## [Your goal]
Needed from the data below: every line from the one with "of_int \<delta>) d \<subseteq>" up to and including the one with "b \<le> real", repeated exactly and with nothing else.

## [Data in this exercise]
lemma trace_gram_eq_sum_sq:
  fixes R :: "'a \<Rightarrow> 'a \<Rightarrow> real"
  assumes "\<forall>a\<in>I. \<forall>b\<in>I. R a b = (\<Sum>i<n. vs i a * vs i b)"
  shows "(\<Sum>a\<in>I. R a a) = (\<Sum>i<n. \<Sum>a\<in>I. (vs i a)\<^sup>2)"
proof -
  have "(\<Sum>a\<in>I. R a a) = (\<Sum>a\<in>I. \<Sum>i<n. (vs i a)\<^sup>2)"
    using assms by (simp add: power2_eq_square)
  then show ?thesis by (simp add: sum.swap[of _ I])
qed

lemma quad_form_add: "quad_form I (\<lambda>a b. A a b + B a b) v = quad_form I A v + quad_form I B v"
  unfolding quad_form_def by (simp add: algebra_simps sum.distrib)

lemma quad_form_scale: "quad_form I (\<lambda>a b. c * A a b) v = c * quad_form I A v"
  unfolding quad_form_def by (simp add: sum_distrib_left ac_simps)

lemma quad_form_diag:
  assumes "finite I"
  shows "quad_form I (\<lambda>a b. if a = b then d a else 0) v = (\<Sum>a\<in>I. d a * (v a)\<^sup>2)"
  unfolding quad_form_def
proof (rule sum.cong[OF refl])
  fix a assume "a \<in> I"
  have "(\<Sum>b\<in>I. v a * (if a = b then d a else 0) * v b) = (\<Sum>b\<in>I. if b = a then d a * (v a)\<^sup>2 else 0)"
    by (rule sum.cong) (auto simp: power2_eq_square)
  with assms \<open>a \<in> I\<close> show "(\<Sum>b\<in>I. v a * (if a = b then d a else 0) * v b) = d a * (v a)\<^sup>2"
    by simp
qed

lemma quad_form_gram:
  "quad_form I (\<lambda>a b. \<Sum>m\<in>M. f m a * f m b) v = (\<Sum>m\<in>M. (\<Sum>a\<in>I. f m a * v a)\<^sup>2)"
proof -
  have "quad_form I (\<lambda>a b. \<Sum>m\<in>M. f m a * f m b) v = (\<Sum>a\<in>I. \<Sum>b\<in>I. \<Sum>m\<in>M. (f m a * v a) * (f m b * v b))"
    unfolding quad_form_def by (simp add: sum_distrib_left sum_distrib_right ac_simps)
  also have "\<dots> = (\<Sum>m\<in>M. \<Sum>a\<in>I. \<Sum>b\<in>I. (f m a * v a) * (f m b * v b))"
    by (subst sum.swap) (rule sum.cong[OF refl], rule sum.swap)
  finally show ?thesis by (simp add: power2_eq_square sum_product)
qed


definition dot :: "nat \<Rightarrow> (nat \<Rightarrow> real) \<Rightarrow> (nat \<Rightarrow> real) \<Rightarrow> real" where
  "dot k x y = (\<Sum>r\<le>k. x r * y r)"

lemma dot_commute: "dot k x y = dot k y x"
  unfolding dot_def by (simp add: mult.commute)

lemma dot_add_left: "dot k (\<lambda>r. x r + y r) z = dot k x z + dot k y z"
  unfolding dot_def by (simp add: distrib_right sum.distrib)

lemma dot_diff_left: "dot k (\<lambda>r. x r - y r) z = dot k x z - dot k y z"
  unfolding dot_def by (simp add: left_diff_distrib sum_subtractf)

lemma dot_scale_left: "dot k (\<lambda>r. c * x r) z = c * dot k x z"
  unfolding dot_def by (simp add: sum_distrib_left mult.assoc)

lemma dot_add_right: "dot k z (\<lambda>r. x r + y r) = dot k z x + dot k z y"
  by (simp add: dot_commute[of k z] dot_add_left)

lemma dot_diff_right: "dot k z (\<lambda>r. x r - y r) = dot k z x - dot k z y"
  by (simp add: dot_commute[of k z] dot_diff_left)

lemma dot_scale_right: "dot k z (\<lambda>r. c * x r) = c * dot k z x"
  by (simp add: dot_commute[of k z] dot_scale_left)

lemma dot_indicator_left:
  assumes "j \<le> k"
  shows "dot k (\<lambda>r. if r = j then 1 else 0) x = x j"
proof -
  have "dot k (\<lambda>r. if r = j then 1 else 0) x = (\<Sum>r\<le>k. if r = j then x j else 0)"
    unfolding dot_def by (intro sum.cong) auto
  with assms show ?thesis by simp
qed

lemma dot_self_nonneg: "0 \<le> dot k x x"
  unfolding dot_def by (simp add: sum_nonneg)

lemma dot_bessel: "2 * dot k x y - dot k y y \<le> dot k x x"
proof -
  have "0 \<le> dot k (\<lambda>r. x r - y r) (\<lambda>r. x r - y r)" by (rule dot_self_nonneg)
  then show ?thesis
    by (simp add: dot_diff_left dot_commute[of k _ "\<lambda>r. x r - y r"] dot_commute[of k y x])
qed

lemma binary_quadratic_form_nonneg:
  fixes P R K a b :: real
  assumes "0 \<le> P" "0 \<le> R" "K\<^sup>2 \<le> P * R"
  shows "0 \<le> P * a\<^sup>2 - 2 * K * a * b + R * b\<^sup>2"
proof (cases "P = 0")
  case True
  with assms show ?thesis by simp
next
  case False
  have "P * (P * a\<^sup>2 - 2 * K * a * b + R * b\<^sup>2) = (P * a - K * b)\<^sup>2 + (P * R - K\<^sup>2) * b\<^sup>2"
    by (simp add: algebra_simps power2_eq_square)
  also have "\<dots> \<ge> 0" using assms by simp
  finally show ?thesis using False assms(1) by (simp add: zero_le_mult_iff)
qed

text \<open>The largest eigenvalue of p a a^T + (1 - p) b b^T for unit vectors a, b with a \<bullet> b = c.\<close>
definition top_eig_two_lines :: "real \<Rightarrow> real \<Rightarrow> real" where
  "top_eig_two_lines p c = 1/2 + 1/2 * sqrt (1 - 4 * p * (1 - p) * (1 - c\<^sup>2))"
lemma exists_two_le_card_col:
  assumes "\<not> collinear A"
    and "\<And>i. i < length xs \<Longrightarrow> xs ! i = xs ! 0 + real i * g"
    and "\<And>i. i < length xs \<Longrightarrow> Min (col i) = Min (col 0) + real i * D"
  shows "\<exists>i < length xs. 2 \<le> card (col i)"
proof (rule ccontr)
  assume "\<not> ?thesis"
  then have "card (col i) = 1" if "i < length xs" for i
    using card_col_pos[OF that] that by fastforce
  then have singleton: "col i = {Min (col i)}" if "i < length xs" for i
    using that by (metis Min_singleton card_1_singletonE)
  have "\<exists>c. (x, y) = (xs ! 0, Min (col 0)) + c *\<^sub>R (g, D)" if "(x, y) \<in> A" for x y
  proof -
    obtain k where k: "k < length xs" "x = xs ! k" "y \<in> col k"
      using \<open>(x, y) \<in> A\<close> by (auto simp: mem_A_iff)
    then have "(x, y) = (xs ! 0, Min (col 0)) + real k *\<^sub>R (g, D)"
      using singleton[OF k(1)] assms(2,3)[OF k(1)] by (simp add: algebra_simps)
    then show ?thesis ..
  qed
  then have "collinear A"
    unfolding collinear_alt by fast
  with assms(1) show False ..
qed

end

context extremal_column_pair
begin

lemma common_step:
  assumes "\<not> collinear A" "\<not> collinear B"
  shows "\<exists>\<beta>>0. (\<forall>i < length xs. arith_prog (a.col i) \<beta>) \<and> (\<forall>j < length ys. arith_prog (b.col j) \<beta>)"
proof -
  obtain i0 where i0: "i0 < length xs" "2 \<le> card (a.col i0)"
    using a.exists_two_le_card_col[OF assms(1) nth_arith(1) Min_col_arith(1)] by blast
  obtain j0 where j0: "j0 < length ys" "2 \<le> card (b.col j0)"
    using b.exists_two_le_card_col[OF assms(2) nth_arith(2) Min_col_arith(2)] by blast
  have common: "\<exists>\<beta>>0. arith_prog (a.col i) \<beta> \<and> arith_prog (b.col j) \<beta>"
    if "i < length xs" "j < length ys" "2 \<le> card (a.col i)" "2 \<le> card (b.col j)" for i j
    using arith_prog_of_card_set_plus_eq[OF a.finite_col b.finite_col that(3,4)]
      card_col_sum_eq[OF that(1,2)] by simp
  obtain \<beta> where \<beta>: "\<beta> > 0" "arith_prog (a.col i0) \<beta>" "arith_prog (b.col j0) \<beta>"
    using common[OF i0(1) j0(1) i0(2) j0(2)] by blast
  have "arith_prog (a.col i) \<beta>" if i: "i < length xs" for i
  proof (cases "2 \<le> card (a.col i)")
    case True
    then obtain \<beta>' where "arith_prog (a.col i) \<beta>'" "arith_prog (b.col j0) \<beta>'"
      using common[OF i j0(1) True j0(2)] by blast
    then show ?thesis using arith_prog_unique[OF j0(2) \<beta>(3)] by simp
  next
    case False
    then show ?thesis using a.card_col_pos[OF i] by (intro arith_prog_card_1) simp
  qed
  moreover have "arith_prog (b.col j) \<beta>" if j: "j < length ys" for j
  proof (cases "2 \<le> card (b.col j)")
    case True
    then obtain \<beta>' where "arith_prog (a.col i0) \<beta>'" "arith_prog (b.col j) \<beta>'"
      using common[OF i0(1) j i0(2) True] by blast
    then show ?thesis using arith_prog_unique[OF i0(2) \<beta>(2)] by simp
  next
    case False
    then show ?thesis using b.card_col_pos[OF j] by (intro arith_prog_card_1) simp
  qed
  ultimately show ?thesis using \<beta>(1) by blast
qed

end

section \<open>Standard trapezoids\<close>

lemma trap_base_eq_image:
  "trap_base m h (d + of_int \<delta>) d =
     (\<lambda>(i, k). (real i, real k + real i * d)) ` {(i, k). i < m \<and> int k < h + \<delta> * int i}"
proof
  show "trap_base m h (d + of_int \<delta>) d \<subseteq>
      (\<lambda>(i, k). (real i, real k + real i * d)) ` {(i, k). i < m \<and> int k < h + \<delta> * int i}"
  proof
    fix p assume "p \<in> trap_base m h (d + of_int \<delta>) d"
    then obtain a b :: int where p: "p = (of_int b, of_int a + of_int b * d)"
      and b: "0 \<le> real_of_int b" "real_of_int b \<le> real m - 1"
      and a: "real_of_int a \<le> real_of_int (\<delta> * b + h - 1)" "0 \<le> real_of_int a"
      unfolding trap_base_def by (auto simp: algebra_simps)
    then have "0 \<le> a" "a \<le> \<delta> * b + h - 1" "0 \<le> b" "b < int m"
      by (simp_all only: of_int_le_iff of_int_0_le_iff)
    then have "(nat b, nat a) \<in> {(i, k). i < m \<and> int k < h + \<delta> * int i}" by simp
    moreover have "p = (real (nat b), real (nat a) + real (nat b) * d)"
      using p \<open>0 \<le> a\<close> \<open>0 \<le> b\<close> by simp
    ultimately show "p \<in> (\<lambda>(i, k). (real i, real k + real i * d)) `
        {(i, k). i < m \<and> int k < h + \<delta> * int i}"
      by force
  qed
  show "(\<lambda>(i, k). (real i, real k + real i * d)) ` {(i, k). i < m \<and> int k < h + \<delta> * int i}
      \<subseteq> trap_base m h (d + of_int \<delta>) d"
  proof clarify
    fix i k assume "i < m" "int k < h + \<delta> * int i"
    then have "real_of_int (int k) \<le> real_of_int (\<delta> * int i + h - 1)"
      by (simp only: of_int_le_iff)
    moreover have "\<exists>a b :: int. (real i, real k + real i * d) = (of_int b, of_int a + of_int b * d)"
      by (intro exI[of _ "int k"] exI[of _ "int i"]) simp
    ultimately show "(real i, real k + real i * d) \<in> trap_base m h (d + of_int \<delta>) d"
      using \<open>i < m\<close> unfolding trap_base_def by (auto simp: algebra_simps)
  qed
qed

lemma std_trapezoid_scaled_grid:
  fixes a :: "nat \<Rightarrow> nat" and \<delta> :: int
  assumes g: "g > 0" and \<beta>: "\<beta> > 0" and m: "1 \<le> m"
    and A: "A = (\<lambda>(i, k). (x0 + real i * g, y0 + real i * D + real k * \<beta>)) `
      {(i, k). i < m \<and> k < a i}"
    and lin: "\<And>i. i < m \<Longrightarrow> int (a i) = int (a 0) + int i * \<delta>"
    and pos: "\<And>i. i < m \<Longrightarrow> 1 \<le> a i"
  shows "std_trapezoid ((\<lambda>(x, y). (x / g, y / \<beta>)) ` A) m (int (a 0)) (D / \<beta> + of_int \<delta>) (D / \<beta>)"
proof -
  define h where "h = int (a 0)"
  have "k < a i \<longleftrightarrow> int k < h + \<delta> * int i" if "i < m" for i k
    using lin[OF that] of_nat_less_iff[of k "a i", where 'a = int] by (simp add: h_def mult.commute)
  then have index: "{(i, k). i < m \<and> k < a i} = {(i, k). i < m \<and> int k < h + \<delta> * int i}"
    by auto
  have "(\<lambda>(x, y). (x / g, y / \<beta>)) ` A =
      (\<lambda>p. (x0 / g, y0 / \<beta>) + p) ` trap_base m h (D / \<beta> + of_int \<delta>) (D / \<beta>)"
    unfolding A trap_base_eq_image index image_image
    using g \<beta> by (intro image_cong) (auto simp: field_simps)
  moreover have "1 \<le> h + int (m - 1) * \<delta>"
    using lin[of "m - 1"] pos[of "m - 1"] m by (simp add: h_def)
  then have "real_of_int 1 \<le> real_of_int (h + int (m - 1) * \<delta>)"
    by (simp only: of_int_le_iff)
  then have "(real m - 1) * (D / \<beta>) \<le> real_of_int h - 1 + (real m - 1) * (D / \<beta> + of_int \<delta>)"
    using m by (simp add: of_nat_diff algebra_simps)
  ultimately show ?thesis
    unfolding std_trapezoid_def h_def using m pos[of 0] by auto
qed

context sorted_abscissae
begin

lemma std_trapezoid_scaled:
  assumes "g > 0" "\<beta> > 0" "0 < length xs"
    and nth: "\<And>i. i < length xs \<Longrightarrow> xs ! i = xs ! 0 + real i * g"
    and Min_col: "\<And>i. i < length xs \<Longrightarrow> Min (col i) = Min (col 0) + real i * D"
    and card_col: "\<And>i. i < length xs \<Longrightarrow> int (card (col i)) = int (card (col 0)) + int i * \<delta>"
    and arith: "\<And>i. i < length xs \<Longrightarrow> arith_prog (col i) \<beta>"
  shows "std_trapezoid ((\<lambda>(x, y). (x / g, y / \<beta>)) ` A) (length xs) (int (card (col 0)))
           (D / \<beta> + of_int \<delta>) (D / \<beta>)"
proof (rule std_trapezoid_scaled_grid[OF assms(1,2)])
  define x0 y0 where "x0 = xs ! 0" and "y0 = Min (col 0)"
  have x: "xs ! i = x0 + real i * g" if "i < length xs" for i
    using nth[OF that] by (simp add: x0_def)
  have col: "y \<in> col i \<longleftrightarrow> (\<exists>k < card (col i). y = y0 + real i * D + real k * \<beta>)"
    if "i < length xs" for i y
    using arith_prog_image[OF finite_col arith[OF that]] Min_col[OF that]
    by (auto simp: y0_def image_iff)
  show "A = (\<lambda>(i, k). (x0 + real i * g, y0 + real i * D + real k * \<beta>)) `
      {(i, k). i < length xs \<and> k < card (col i)}"
    by (auto simp: set_eq_iff mem_A_iff col x image_iff) (force simp: col x)
  show "1 \<le> length xs" using assms(3) by linarith
  show "int (card (col i)) = int (card (col 0)) + int i * \<delta>" if "i < length xs" for i
    using card_col[OF that] .
  show "1 \<le> card (col i)" if "i < length xs" for i
    using card_col_pos[OF that] by simp
qed

end

context extremal_column_pair
begin

lemma std_trapezoids:
  assumes "\<not> collinear A" "\<not> collinear B"
  shows "\<exists>\<alpha> \<beta> :: real. \<alpha> > 0 \<and> \<beta> > 0 \<and>
           (\<exists>c d :: real. \<exists>h h' :: int. h \<ge> 1 \<and> h' \<ge> 1 \<and>
              std_trapezoid ((\<lambda>(x, y). (x / \<alpha>, y / \<beta>)) ` A) (length xs) h c d \<and>
              std_trapezoid ((\<lambda>(x, y). (x / \<alpha>, y / \<beta>)) ` B) (length ys) h' c d)"
proof -
  obtain \<beta> where \<beta>: "\<beta> > 0" "\<And>i. i < length xs \<Longrightarrow> arith_prog (a.col i) \<beta>"
      "\<And>j. j < length ys \<Longrightarrow> arith_prog (b.col j) \<beta>"
    using common_step[OF assms] by blast
  define g where "g = ys ! 1 - ys ! 0"
  have "g > 0"
    using b.nth_le_nth_iff[of 1 0] two_le_length_ys by (force simp: g_def)
  have "0 < length xs" "0 < length ys"
    using two_le_length_xs two_le_length_ys by linarith+
  note trapezoid_A = a.std_trapezoid_scaled[OF \<open>g > 0\<close> \<beta>(1) \<open>0 < length xs\<close>
      nth_arith(1)[folded g_def] Min_col_arith(1) card_col_arith(1) \<beta>(2)]
  note trapezoid_B = b.std_trapezoid_scaled[OF \<open>g > 0\<close> \<beta>(1) \<open>0 < length ys\<close>
      nth_arith(2)[folded g_def] Min_col_arith(2) card_col_arith(2) \<beta>(3)]
  have "1 \<le> int (card (a.col 0))" "1 \<le> int (card (b.col 0))"
    using a.card_col_pos[of 0] b.card_col_pos[of 0] \<open>0 < length xs\<close> \<open>0 < length ys\<close> by linarith+
  with trapezoid_A trapezoid_B \<open>g > 0\<close> \<beta>(1) show ?thesis by blast
qed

## [Solution for this task]
  show "trap_base m h (d + of_int \<delta>) d \<subseteq>
      (\<lambda>(i, k). (real i, real k + real i * d)) ` {(i, k). i < m \<and> int k < h + \<delta> * int i}"
  proof
    fix p assume "p \<in> trap_base m h (d + of_int \<delta>) d"
    then obtain a b :: int where p: "p = (of_int b, of_int a + of_int b * d)"
      and b: "0 \<le> real_of_int b" "real_of_int b \<le> real m - 1"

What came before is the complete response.